Die darin enthaltenen Worte Ehre und Sold sind hinsichtlich der Person Wulff dermaßen unpassend, dass eigentlich das Wort Korruptionsprämie hätte gewählt werden müssen. Dies hätte jedoch im Hinblick auf zukünftige Amtsträger die falschen Signale gesetzt. Daher entschloss sich der Koalitionsausschuss nunmehr, den Vorschlag der Uncyclopedia-Sprachwissenschaftler aufzugreifen und die Leistungen als Bundespräsent auszuweisen. Damit wird zum Ausdruck gebracht, dass es sich um ein Geschenk handelt, für das keine Gegenleistung erbracht wurde und das nur deshalb gegeben wird, weil die Merkelsche Mischpoke ihren alten Kumpel vor der Verelendung bewahren möchte oder zumindest davor, aus Geldnot irgendwelche peinlichen alten Geschichten an die Presse verkaufen zu müssen.

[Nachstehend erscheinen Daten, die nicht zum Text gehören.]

lemma maximal_filter_cover:
  assumes max: "is_maximal_filter E \<eta>" and "u \<in> \<eta>" and "finite J" and "p ` J \<subseteq> E"
    and cover: "dom u \<subseteq> (\<Union>j\<in>J. dom (p j))"
  shows "\<exists>j\<in>J. p j \<in> \<eta>"
proof (rule ccontr)
  assume none: "\<not> (\<exists>j\<in>J. p j \<in> \<eta>)"
  have filter: "is_filter E \<eta>" using max by (rule maximal_filter_is_filter)
  have dom_mult: "dom (g \<circ>\<^sub>m g') = dom g \<inter> dom g'" if "g' \<in> \<eta>" for g g'
    using is_filterD(1)[OF filter] that by (simp add: dom_map_comp subset_iff)
  obtain h where "h \<in> E" and "h \<notin> \<eta>" using is_filterD(1,2)[OF filter] by blast
  have "\<exists>g\<in>\<eta>. \<forall>j\<in>K. dom (p j) \<inter> dom g \<subseteq> dom h" if "K \<subseteq> J" for K
    using finite_subset[OF that \<open>finite J\<close>] that
  proof (induction K rule: finite_induct)
    case empty
    then show ?case using \<open>u \<in> \<eta>\<close> by blast
  next
    case (insert j K)
    then obtain g where "g \<in> \<eta>" and g: "\<forall>i\<in>K. dom (p i) \<inter> dom g \<subseteq> dom h" by blast
    have "j \<in> J" using insert.prems by simp
    then have "p j \<in> E" and "p j \<notin> \<eta>" using none assms(4) by auto
    then obtain g' where "g' \<in> \<eta>" and g': "dom (p j) \<inter> dom g' \<subseteq> dom h"
      using maximal_filter_separates[OF max _ _ \<open>h \<in> E\<close>] by blast
    have "g \<circ>\<^sub>m g' \<in> \<eta>" using filter \<open>g \<in> \<eta>\<close> \<open>g' \<in> \<eta>\<close> by (rule is_filterD(3))
    moreover have "\<forall>i\<in>insert j K. dom (p i) \<inter> dom (g \<circ>\<^sub>m g') \<subseteq> dom h"
      unfolding dom_mult[OF \<open>g' \<in> \<eta>\<close>] using g g' by blast
    ultimately show ?case by blast
  qed
  then obtain g where "g \<in> \<eta>" and g: "\<forall>j\<in>J. dom (p j) \<inter> dom g \<subseteq> dom h" by blast
  have "g \<circ>\<^sub>m u \<in> \<eta>" using filter \<open>g \<in> \<eta>\<close> \<open>u \<in> \<eta>\<close> by (rule is_filterD(3))
  moreover have "dom (g \<circ>\<^sub>m u) \<subseteq> dom h"
  proof
    fix x assume "x \<in> dom (g \<circ>\<^sub>m u)"
    then have "x \<in> dom g" and "x \<in> dom u" unfolding dom_mult[OF \<open>u \<in> \<eta>\<close>] by blast+
    then obtain j where "j \<in> J" and "x \<in> dom (p j)" using cover by blast
    with g \<open>x \<in> dom g\<close> show "x \<in> dom h" by blast
  qed
  then have "idem_le (g \<circ>\<^sub>m u) h" using \<open>h \<in> E\<close> by (simp add: idem_le_iff_dom_subset)
  ultimately have "h \<in> \<eta>" using is_filterD(4)[OF filter _ \<open>h \<in> E\<close>] by blast
  with \<open>h \<notin> \<eta>\<close> show False by blast
qed

lemma tight_filter_cover:
  assumes "is_tight_filter E \<xi>" and "u \<in> \<xi>" and "finite J" and "p ` J \<subseteq> E"
    and "dom u \<subseteq> (\<Union>j\<in>J. dom (p j))"
  shows "\<exists>j\<in>J. p j \<in> \<xi>"
proof (rule ccontr)
  assume "\<not> (\<exists>j\<in>J. p j \<in> \<xi>)"
  then have "p ` J \<inter> \<xi> = {}" by blast
  then obtain \<eta> where "is_maximal_filter E \<eta>" and "u \<in> \<eta>" and "p ` J \<inter> \<eta> = {}"
    using tight_filter_maximal_approximant[OF assms(1-4)] by blast
  then show False using maximal_filter_cover[OF _ _ assms(3-5)] by blast
qed

end

lemma partial_identities_idempotents_S_Lambda:
  assumes "left_cancellative L rng src cmp"
  shows "partial_identities (idempotents (S_Lambda L rng src cmp))"
proof
  fix e assume "e \<in> idempotents (S_Lambda L rng src cmp)"
  with assms show "e = Some |` dom e" by (rule idempotents_S_Lambda_eq_restrict_Some)
next
  fix e f
  assume e: "e \<in> idempotents (S_Lambda L rng src cmp)"
    and f: "f \<in> idempotents (S_Lambda L rng src cmp)"
  have "e \<circ>\<^sub>m f \<in> S_Lambda L rng src cmp"
    using e f by (simp add: idempotents_def S_Lambda.mult)
  moreover have "e \<circ>\<^sub>m f = Some |` (dom e \<inter> dom f)"
    using idempotents_S_Lambda_eq_restrict_Some[OF assms] e f by (metis restrict_Some_map_comp)
  ultimately show "e \<circ>\<^sub>m f \<in> idempotents (S_Lambda L rng src cmp)"
    by (simp add: idempotents_def restrict_Some_map_comp)
qed

lemma tight_filter_contains_range_idempotent:
  assumes "left_cancellative L rng src cmp"
    and tight: "is_tight_filter (idempotents (S_Lambda L rng src cmp)) \<xi>"
    and "\<forall>j\<in>J. \<alpha> j \<in> S_Lambda L rng src cmp"
    and "\<exists>u\<in>\<xi>. Map.graph u = (\<Union>j\<in>J. Map.graph (\<alpha> j \<circ>\<^sub>m pinv (\<alpha> j)))"
    and "finite J"
  shows "\<exists>j\<in>J. \<alpha> j \<circ>\<^sub>m pinv (\<alpha> j) \<in> \<xi>"
proof -
  interpret partial_identities "idempotents (S_Lambda L rng src cmp)"
    using assms(1) by (rule partial_identities_idempotents_S_Lambda)
  obtain u where "u \<in> \<xi>" and graph: "Map.graph u = (\<Union>j\<in>J. Map.graph (\<alpha> j \<circ>\<^sub>m pinv (\<alpha> j)))"
    using assms(4) by blast
  show ?thesis
  proof (rule tight_filter_cover[OF tight \<open>u \<in> \<xi>\<close> \<open>finite J\<close>])
    show "(\<lambda>j. \<alpha> j \<circ>\<^sub>m pinv (\<alpha> j)) ` J \<subseteq> idempotents (S_Lambda L rng src cmp)"
      using assms(1,3) S_Lambda_range_idempotent by blast
    show "dom u \<subseteq> (\<Union>j\<in>J. dom (\<alpha> j \<circ>\<^sub>m pinv (\<alpha> j)))"
      using graph_UN_imp_dom_UN[OF graph] by simp
  qed
qed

Der genaue Ablauf des Großen Zapfenstreichs zur Verabschiedung Wulffs steht dagegen noch nicht fest. Das Musikprogramm wird wohl weitgehend nach seinen Wünschen gestaltet, aber ob sich der Vorschlag aus dem Finanzministerium durchsetzen wird, auch noch ein Requiem dranzuhängen und anschließend die Anwesenheit der Soldaten gleich für die Zusammenstellung eines einstweiligen Erschießungskommandos zu nutzen, ist noch fraglich. Wolfgang Schäuble begründete diesen Vorschlag mit den dadurch erzielbaren Haushaltseinsparungen in den nächsten Jahrzehnten. Sein Kollege aus dem Verteidigungsministerium erklärte dagegen, die Bleikugeln seien ihm für Wulff zu schade. Vielleicht lässt sich diese Frage noch rechtzeitig im Haushaltsausschuss ausschießen.